(* For every finite chain ring $R$ and every $k\ge1$, the linear simplex code $\mathcal{S}_k^\alpha$ is not optimal with respect to the Griesmer bound, i.e., its length $n$ satisfies $n>\sum_{i=0}^{k(\mathcal{S}_k^\alpha)-1}\left\lceil\frac{d_H(\mathcal{S}_k^\alpha)}{q^i}\right\rceil$.
   Context: Let $R$ be a finite commutative chain ring with maximal ideal $\langle\gamma\rangle$, nilpotency index $s$ and residue field $R/\langle\gamma\rangle\cong\mathbb{F}_q$. Fix coset representatives $T=\{e_0,\dots,e_{q-1}\}$ with $e_0=0,e_1=1$, ordered $e_0<\dots<e_{q-1}$; each $r\in R$ is uniquely $\sum_{i=0}^{s-1}r_i\gamma^i$, $r_i\in T$; order $R$ by $x>y$ iff $x_i>y_i$ in $T$ for the largest $i$ with $x_i\neq y_i$; list $R=\{\rho_0,\dots,\rho_{q^s-1}\}$ increasingly. $\mathbf{a}^{(m)}$ is the constant vector of length $m$. Define $G_1^\alpha=(\rho_0\ \cdots\ \rho_{q^s-1})$ and, for $k>1$, $G_k^\alpha$ as the $k\times q^{sk}$ matrix of $q^s$ column blocks, the $j$-th having first row $\boldsymbol{\rho_j}^{(q^{s(k-1)})}$ and $G_{k-1}^\alpha$ below. $\mathcal{S}_k^\alpha$ is the $R$-submodule of $R^{q^{sk}}$ generated by the rows of $G_k^\alpha$. For a linear code $\mathcal{C}\subseteq R^n$, $d_H(\mathcal{C})$ is its minimum Hamming distance and $k(\mathcal{C})$ is the minimum rank of a free $R$-submodule $\mathcal{C}'\subseteq R^n$ with $\mathcal{C}\subseteq\mathcal{C}'$. The Griesmer bound states $n\ge\sum_{i=0}^{k(\mathcal{C})-1}\lceil d_H(\mathcal{C})/q^i\rceil$; a code is optimal with respect to it when equality holds. *)

theory Defs
  imports Main "HOL-Library.Multiset" Complex_Main
begin

definition is_ideal :: "'a::comm_ring_1 set \<Rightarrow> bool" where
  "is_ideal I \<longleftrightarrow> 0 \<in> I \<and> (\<forall>x\<in>I. \<forall>y\<in>I. x + y \<in> I) \<and> (\<forall>x\<in>I. \<forall>r. r * x \<in> I)"

definition chain_ring :: "'a::comm_ring_1 itself \<Rightarrow> bool" where
  "chain_ring _ \<longleftrightarrow> (\<forall>I J :: 'a set. is_ideal I \<longrightarrow> is_ideal J \<longrightarrow> I \<subseteq> J \<or> J \<subseteq> I)"

definition is_maximal_ideal :: "'a::comm_ring_1 set \<Rightarrow> bool" where
  "is_maximal_ideal M \<longleftrightarrow> is_ideal M \<and> M \<noteq> UNIV \<and>
     (\<forall>J. is_ideal J \<longrightarrow> M \<subseteq> J \<longrightarrow> J = M \<or> J = UNIV)"

definition principal_ideal :: "'a::comm_ring_1 \<Rightarrow> 'a set" where
  "principal_ideal g = range (\<lambda>r. g * r)"

text \<open>Standing data: \<open>\<gamma>\<close> generates the maximal ideal, \<open>s\<close> is the nilpotency index of \<open>\<gamma>\<close>,
  the list \<open>e = [e_0,...,e_{q-1}]\<close> is an (ordered) set of coset representatives of
  \<open>R/\<langle>\<gamma>\<rangle>\<close> with \<open>e_0 = 0\<close>, \<open>e_1 = 1\<close>; its order is the list order.\<close>
definition chain_ring_data :: "'a::comm_ring_1 \<Rightarrow> nat \<Rightarrow> 'a list \<Rightarrow> bool" where
  "chain_ring_data \<gamma> s e \<longleftrightarrow>
     is_maximal_ideal (principal_ideal \<gamma>) \<and>
     s \<ge> 1 \<and> \<gamma> ^ s = 0 \<and> \<gamma> ^ (s - 1) \<noteq> 0 \<and>
     distinct e \<and> length e \<ge> 2 \<and> e ! 0 = 0 \<and> e ! 1 = 1 \<and>
     (\<forall>r. \<exists>!t. t \<in> set e \<and> r - t \<in> principal_ideal \<gamma>)"

definition T_less :: "'a list \<Rightarrow> 'a \<Rightarrow> 'a \<Rightarrow> bool" where
  "T_less e a b \<longleftrightarrow> (\<exists>i j. i < j \<and> j < length e \<and> e ! i = a \<and> e ! j = b)"

definition digit :: "'a::comm_ring_1 \<Rightarrow> nat \<Rightarrow> 'a list \<Rightarrow> 'a \<Rightarrow> nat \<Rightarrow> 'a" where
  "digit \<gamma> s e r = (THE d. (\<forall>i<s. d i \<in> set e) \<and> (\<forall>i\<ge>s. d i = 0) \<and>
                            r = (\<Sum>i<s. d i * \<gamma> ^ i))"

definition R_less :: "'a::comm_ring_1 \<Rightarrow> nat \<Rightarrow> 'a list \<Rightarrow> 'a \<Rightarrow> 'a \<Rightarrow> bool" where
  "R_less \<gamma> s e x y \<longleftrightarrow> (\<exists>i<s. digit \<gamma> s e x i \<noteq> digit \<gamma> s e y i \<and>
       (\<forall>j. i < j \<and> j < s \<longrightarrow> digit \<gamma> s e x j = digit \<gamma> s e y j) \<and>
       T_less e (digit \<gamma> s e x i) (digit \<gamma> s e y i))"

text \<open>\<open>\<rho>_j\<close>: the \<open>j\<close>-th element of \<open>R\<close> in increasing order (indices from 0).\<close>
definition rho :: "'a::comm_ring_1 \<Rightarrow> nat \<Rightarrow> 'a list \<Rightarrow> nat \<Rightarrow> 'a" where
  "rho \<gamma> s e j = (THE r. card {x. R_less \<gamma> s e x r} = j)"

text \<open>\<open>G_k^\<alpha>\<close> as a function (row, column) for \<open>k \<ge> 1\<close>; rows \<open>< k\<close>, columns \<open>< q^{sk}\<close>
  where \<open>q = length e\<close>.\<close>
fun G_alpha :: "'a::comm_ring_1 \<Rightarrow> nat \<Rightarrow> 'a list \<Rightarrow> nat \<Rightarrow> nat \<Rightarrow> nat \<Rightarrow> 'a" where
  "G_alpha \<gamma> s e 0 i c = 0"
| "G_alpha \<gamma> s e (Suc 0) i c = (if i = 0 then rho \<gamma> s e c else 0)"
| "G_alpha \<gamma> s e (Suc (Suc k)) i c =
     (let N = (length e ^ s) ^ Suc k in
      if i = 0 then rho \<gamma> s e (c div N) else G_alpha \<gamma> s e (Suc k) (i - 1) (c mod N))"

text \<open>Vectors of \<open>R^n\<close> are represented as functions \<open>nat \<Rightarrow> 'a\<close> vanishing from \<open>n\<close> on.\<close>
definition vecs :: "nat \<Rightarrow> (nat \<Rightarrow> 'a::zero) set" where
  "vecs n = {v. \<forall>c\<ge>n. v c = 0}"

definition rspan :: "nat \<Rightarrow> nat \<Rightarrow> (nat \<Rightarrow> nat \<Rightarrow> 'a::comm_ring_1) \<Rightarrow> (nat \<Rightarrow> 'a) set" where
  "rspan n m b = {v. \<exists>a. v = (\<lambda>c. if c < n then (\<Sum>j<m. a j * b j c) else 0)}"

definition lin_indep :: "nat \<Rightarrow> nat \<Rightarrow> (nat \<Rightarrow> nat \<Rightarrow> 'a::comm_ring_1) \<Rightarrow> bool" where
  "lin_indep n m b \<longleftrightarrow> (\<forall>a. (\<forall>c<n. (\<Sum>j<m. a j * b j c) = 0) \<longrightarrow> (\<forall>j<m. a j = 0))"

definition free_submodule :: "nat \<Rightarrow> (nat \<Rightarrow> 'a::comm_ring_1) set \<Rightarrow> nat \<Rightarrow> bool" where
  "free_submodule n C' m \<longleftrightarrow> (\<exists>b. (\<forall>j<m. b j \<in> vecs n) \<and> lin_indep n m b \<and> C' = rspan n m b)"

definition code_rank :: "nat \<Rightarrow> (nat \<Rightarrow> 'a::comm_ring_1) set \<Rightarrow> nat" where
  "code_rank n C = (LEAST m. \<exists>C'. free_submodule n C' m \<and> C \<subseteq> C')"

definition hweight :: "nat \<Rightarrow> (nat \<Rightarrow> 'a::zero) \<Rightarrow> nat" where
  "hweight n v = card {c. c < n \<and> v c \<noteq> 0}"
-=-=-
• WHAT TO WORK ON
Print, from the entries above, the line with "the list order.\<close>", the line with "(\<forall>r. \<exists>!t. t" and all lines between them, exactly and with nothing else.

• EXERCISE RESULT
  \<open>R/\<langle>\<gamma>\<rangle>\<close> with \<open>e_0 = 0\<close>, \<open>e_1 = 1\<close>; its order is the list order.\<close>
definition chain_ring_data :: "'a::comm_ring_1 \<Rightarrow> nat \<Rightarrow> 'a list \<Rightarrow> bool" where
  "chain_ring_data \<gamma> s e \<longleftrightarrow>
     is_maximal_ideal (principal_ideal \<gamma>) \<and>
     s \<ge> 1 \<and> \<gamma> ^ s = 0 \<and> \<gamma> ^ (s - 1) \<noteq> 0 \<and>
     distinct e \<and> length e \<ge> 2 \<and> e ! 0 = 0 \<and> e ! 1 = 1 \<and>
     (\<forall>r. \<exists>!t. t \<in> set e \<and> r - t \<in> principal_ideal \<gamma>)"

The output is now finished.